Just as the session _ called one of the most boring in recent memory _ slid into its last weekend, things heated up. Here's what's happening:

-Republican leaders in the House and Senate are jockeying for their tax positions behind the scenes, using various rules and/or tactics to force the others' hands.

_Rep. Hugh Rush, until Thursday a Democrat from West Valley City, is moving his desk across the aisle and joining the Republican Party, saying he's tired of "games" being played by House Democrats. Rush went to the GOP's Lincoln Day dinner Thursday night. It's assumed he won't be attending the Democratic lawmakers' fund-raising party Friday. Rush's defection doesn't change the balance of power much in the 75-member House. Republicans have a solid majority, but not a veto-proof, two-thirds majority, with or without Rush (see A5).

_Gov. Norm Bangerter is plotting a new push for his property tax freeze, suffering a minor and momentary setback Thursday evening when an attempt to introduce his bill failed to get the two-thirds majority needed in the House this late in the session.

But the governor's forces quickly regrouped. The bill will be reintroduced in a manner that maneuvers the rules to get around the two-thirds vote, perhaps Friday afternoon. The two-thirds attempt failed 39-26. It takes 50 votes to get a two-thirds majority, but only 38 for a simple majority. So if Bangerter can get around the two-thirds provision, his property tax freeze already has enough votes to pass.

The bill will either be reintroduced by House Assistant Majority Whip Byron Harwood, R-Provo, the original sponsor, or by House Majority Leader Craig Moody, R-Sandy. "I already have a bill introduced that's almost the same as the governor's. I'll be a good Republican and amend my bill to be his, if that's what he wants," said Moody.

"The governor wants his bill introduced and debated," said Francine Giani, his press secretary. "It will be heard."

While Rush was changing seats and Bangerter, Moody and Harwood were finding a way around the two-thirds majority problem, one of the largest issues yet to be played out _ the governor's $19 million tax reduction _ was moved to the front burner Friday. House Republicans favor a quarter- or eighth-cent sales tax reduction.

After a morning caucus, senators barely defeated a bill that would have restored more of the deduction for federal taxes on state returns.

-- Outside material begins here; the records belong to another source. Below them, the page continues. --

lemma full_dim_cell_bent_sign:
  assumes "sign_pattern t" "x0 \<in> sign_cell N t (depth N)" "aff_dim (sign_cell N t (depth N)) = int DIM('a)"
  shows "t l i \<in> {-1, 1}"
proof (rule ccontr)
  assume "t l i \<notin> {-1, 1}"
  then have "t l i = 0"
    using assms(1) by (auto simp: sign_pattern_def)
  then have "sign_cell N t (depth N) \<subseteq> {y. grad \<bullet> y = grad \<bullet> x0}"
    using sign_cell_subset_halfspace[OF assms(2)] by (auto simp: sgn_ok_def inner_diff_right)
  then have "aff_dim (sign_cell N t (depth N)) \<le> aff_dim {y. grad \<bullet> y = grad \<bullet> x0}"
    by (rule aff_dim_subset)
  also have "\<dots> = int DIM('a) - 1"
    using grad_nonzero by simp
  finally show False
    using assms(3) by simp
qed

lemma adjacent_cells_opposite_signs:
  assumes "sign_pattern tP" "sign_pattern tQ"
    and "aff_dim (sign_cell N tP (depth N)) = int DIM('a)" "aff_dim (sign_cell N tQ (depth N)) = int DIM('a)"
    and "\<sigma> = sign_cell N tP (depth N) \<inter> sign_cell N tQ (depth N)"
  shows "tP l i \<in> {-1, 1}" "tQ l i = - tP l i"
proof -
  have x0: "x0 \<in> sign_cell N tP (depth N)" "x0 \<in> sign_cell N tQ (depth N)"
    using assms(5) x0_in_facet by auto
  show P: "tP l i \<in> {-1, 1}"
    by (rule full_dim_cell_bent_sign[OF assms(1) x0(1) assms(3)])
  have Q: "tQ l i \<in> {-1, 1}"
    by (rule full_dim_cell_bent_sign[OF assms(2) x0(2) assms(4)])
  have "tQ l i \<noteq> tP l i"
  proof
    assume "tQ l i = tP l i"
    then have "side_point (tP l i) \<in> \<sigma>"
      using side_point_in_cell[OF x0(1) P] side_point_in_cell[OF x0(2) Q] assms(5) by simp
    then show False
      using side_point_notin_facet[OF P] by contradiction
  qed
  then show "tQ l i = - tP l i"
    using P Q by auto
qed

lemma unit_normal_orthogonal_kernel:
  assumes "x0 \<in> sign_cell N tP (depth N)" "x0 \<in> sign_cell N tQ (depth N)"
    and "\<sigma> = sign_cell N tP (depth N) \<inter> sign_cell N tQ (depth N)" "unit_normal \<sigma> P e" "grad \<bullet> w = 0"
  shows "e \<bullet> w = 0"
proof -
  obtain \<epsilon> where \<epsilon>: "\<epsilon> > 0" "x0 + \<epsilon> *\<^sub>R w \<in> ball x0 radius"
    using convex_small_step[of UNIV x0 "x0 + w" radius] radius(1) by auto
  then have "x0 + \<epsilon> *\<^sub>R w \<in> \<sigma>"
    using sign_cell_ball_iff[OF assms(1)] sign_cell_ball_iff[OF assms(2)] assms(3,5) by simp
  then have "e \<bullet> (\<epsilon> *\<^sub>R w) = 0"
    using assms(4) x0_in_facet unfolding unit_normal_def by (metis add_diff_cancel_left')
  then show ?thesis
    using \<epsilon>(1) by simp
qed

lemma unit_normal_bent_sign:
  assumes "x0 \<in> sign_cell N t (depth N)" "t l i \<in> {-1, 1}" "unit_normal \<sigma> (sign_cell N t (depth N)) e"
  shows "0 \<le> of_int (t l i) * (grad \<bullet> e)"
proof -
  have "0 \<le> e \<bullet> (side_point (t l i) - x0)"
    using assms(3) x0_in_facet side_point_in_cell[OF assms(1,2)] unfolding unit_normal_def by blast
  also have "e \<bullet> (side_point (t l i) - x0) = radius / (2 * norm grad) * (of_int (t l i) * (grad \<bullet> e))"
    using grad_nonzero by (simp add: side_point_def normal_def inner_commute field_simps)
  finally have "0 \<le> radius / (2 * norm grad) * (of_int (t l i) * (grad \<bullet> e))" .
  moreover have "0 < radius / (2 * norm grad)"
    using radius(1) grad_nonzero by simp
  ultimately show ?thesis
    by (meson zero_le_mult_iff not_le)
qed

lemma tropical_witness_points:
  assumes "tropical_witness N \<sigma> P Q A B e"
  shows "x0 + (radius / 2) *\<^sub>R e \<in> P \<inter> ball x0 radius" "x0 - (radius / 2) *\<^sub>R e \<in> Q \<inter> ball x0 radius"
    and "\<bar>grad \<bullet> e\<bar> = norm grad"
proof -
  obtain tP tQ where t: "sign_pattern tP" "P = sign_cell N tP (depth N)"
    "sign_pattern tQ" "Q = sign_cell N tQ (depth N)"
    using assms cellsE unfolding tropical_witness_def by metis
  have wit: "aff_dim P = int DIM('a)" "aff_dim Q = int DIM('a)" "\<sigma> = P \<inter> Q" "unit_normal \<sigma> P e"
    using assms unfolding tropical_witness_def by auto
  have x0: "x0 \<in> P" "x0 \<in> Q"
    using wit(3) x0_in_facet by auto
  have signs: "tP l i \<in> {-1, 1}" "tQ l i = - tP l i"
    using adjacent_cells_opposite_signs[OF t(1,3)] wit t by simp_all
  have e: "norm e = 1"
    using wit(4) by (simp add: unit_normal_def)
  show "\<bar>grad \<bullet> e\<bar> = norm grad"
    using abs_inner_eq_norm_if_orthogonal_kernel[OF e grad_nonzero]
      unit_normal_orthogonal_kernel[of tP tQ P e] x0 wit t by simp
  have sign_e: "0 \<le> of_int (tP l i) * (grad \<bullet> e)"
    using unit_normal_bent_sign[OF x0(1)[unfolded t(2)] signs(1)] wit(4) t(2) by simp
  have ball: "x0 + (radius / 2) *\<^sub>R e \<in> ball x0 radius" "x0 - (radius / 2) *\<^sub>R e \<in> ball x0 radius"
    using e radius(1) by (auto simp: dist_norm)
  have "sgn_ok (tP l i) (grad \<bullet> (x0 + (radius / 2) *\<^sub>R e - x0))"
    using sgn_ok_pos_mult_iff[of "radius / 2" "tP l i" "grad \<bullet> e"] radius(1)
      sgn_ok_if_mult_nonneg[OF signs(1) sign_e] by simp
  then show "x0 + (radius / 2) *\<^sub>R e \<in> P \<inter> ball x0 radius"
    using sign_cell_ball_iff[OF x0(1)[unfolded t(2)] ball(1)] ball(1) t(2) by blast
  have "- tP l i \<in> {-1, 1}" "0 \<le> of_int (- tP l i) * - (grad \<bullet> e)"
    using signs(1) sign_e by auto
  then have "sgn_ok (tQ l i) (grad \<bullet> (x0 - (radius / 2) *\<^sub>R e - x0))"
    using sgn_ok_pos_mult_iff[of "radius / 2" "tQ l i" "- (grad \<bullet> e)"] radius(1) signs(2)
      sgn_ok_if_mult_nonneg[of "- tP l i" "- (grad \<bullet> e)"] by simp
  then show "x0 - (radius / 2) *\<^sub>R e \<in> Q \<inter> ball x0 radius"
    using sign_cell_ball_iff[OF x0(2)[unfolded t(4)] ball(2)] ball(2) t(4) by blast
qed

subsection \<open>Second differences along a segment through x0\<close>

lemma relu_second_difference:
  assumes "y1 \<in> ball x0 radius" "y2 \<in> ball x0 radius" "y1 + y2 = 2 *\<^sub>R x0"
    and "1 \<le> k" "k \<le> depth N" "m < width N k"
  shows "max 0 (pre N k y1 m) + max 0 (pre N k y2 m) - 2 * max 0 (pre N k x0 m) =
    (if (k, m) = (l, i) then \<bar>pre N l y1 i\<bar>
     else if m \<in> Sset N \<sigma> k then pre N k y1 m + pre N k y2 m - 2 * pre N k x0 m else 0)"
proof (cases "(k, m) = (l, i)")
  case True
  have "y2 = 2 *\<^sub>R x0 - y1"
    using assms(3) by (simp add: eq_diff_eq add.commute)
  then have "y2 - x0 = - (y1 - x0)"
    by (simp add: scaleR_2)
  have "pre N l y2 i = grad \<bullet> (y2 - x0)"
    using pre_bent_neuron_in_ball assms(2) .
  also have "\<dots> = - pre N l y1 i"
    unfolding \<open>y2 - x0 = - (y1 - x0)\<close> using pre_bent_neuron_in_ball[OF assms(1)]
    by (simp add: inner_diff_right)
  finally have "pre N l y2 i = - pre N l y1 i" .
  then show ?thesis
    using True pre_bent_neuron_eq_0[OF x0_in_facet] by (simp add: max_def)
next
  case False
  then show ?thesis
    unfolding if_not_P[OF False]
    using relu_in_ball[OF assms(1) assms(4-6) False] relu_in_ball[OF assms(2) assms(4-6) False]
      relu_in_ball[OF x0_in_ball assms(4-6) False]
    by simp
qed

lemma second_difference_below:
  assumes "y1 \<in> ball x0 radius" "y2 \<in> ball x0 radius" "y1 + y2 = 2 *\<^sub>R x0" "1 \<le> k" "k \<le> l"
  shows "pre N k y1 j + pre N k y2 j - 2 * pre N k x0 j = 0"
proof -
  let ?a = "frozen_weight N (Sset N \<sigma>) k j"
  have "?a \<bullet> y1 + ?a \<bullet> y2 = 2 * (?a \<bullet> x0)"
    using arg_cong[OF assms(3), of "\<lambda>v. ?a \<bullet> v"] by (simp add: inner_add_right)
  then show ?thesis
    using pre_affine_in_ball[OF assms(1)] pre_affine_in_ball[OF assms(2)] pre_affine_in_ball[OF x0_in_ball]
      assms(4,5) by simp
qed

The bill would have cut taxes by about $20 million, but it was defeated 14-15.

However, at least two Republicans who voted no said if this is the only tax-cutting option they have, they may change their minds. A number of the Republicans wanted to put the $19 million into paying off state bonding debt and if the House won't allow that then they may well vote for the bill later.

House Democrats began a filibuster Friday opposing a cut in the sales tax. They threatened to filibuster any attempts to cut the income tax, especially restoration of a federal tax deduction that helps the more well-to-do, an alternative that many GOP senators like. In fact, it was that threatened filibuster, Rush said, that pushed him across the aisle into Republican ranks.

Democrats are deeply divided over the issue of cutting taxes, especially when education needs are so great. Most Democrats support the idea of putting the $19 million surplus into the School Trust Fund, where it would earn about $2 million a year in interest for public schools.

Meanwhile, House Speaker Nolan Karras, R-Roy, doesn't want to pass his caucus' preferred sales tax cut until the Senate does something with taxes. "We want to force them to make a decision," said Karras.

But Senate President Arnold Christensen, R-Sandy, said his GOP caucus is struggling with the tax-cutting issues and hasn't been able to reach a firm decision.

Bangerter sits not-so-contentedly in his office a floor below the Legislature and firmly repeats his desires: "I recommend my $19 million tax reduction. We have the money for it and the people deserve it. I recommend my property tax freeze." He won't back down from either.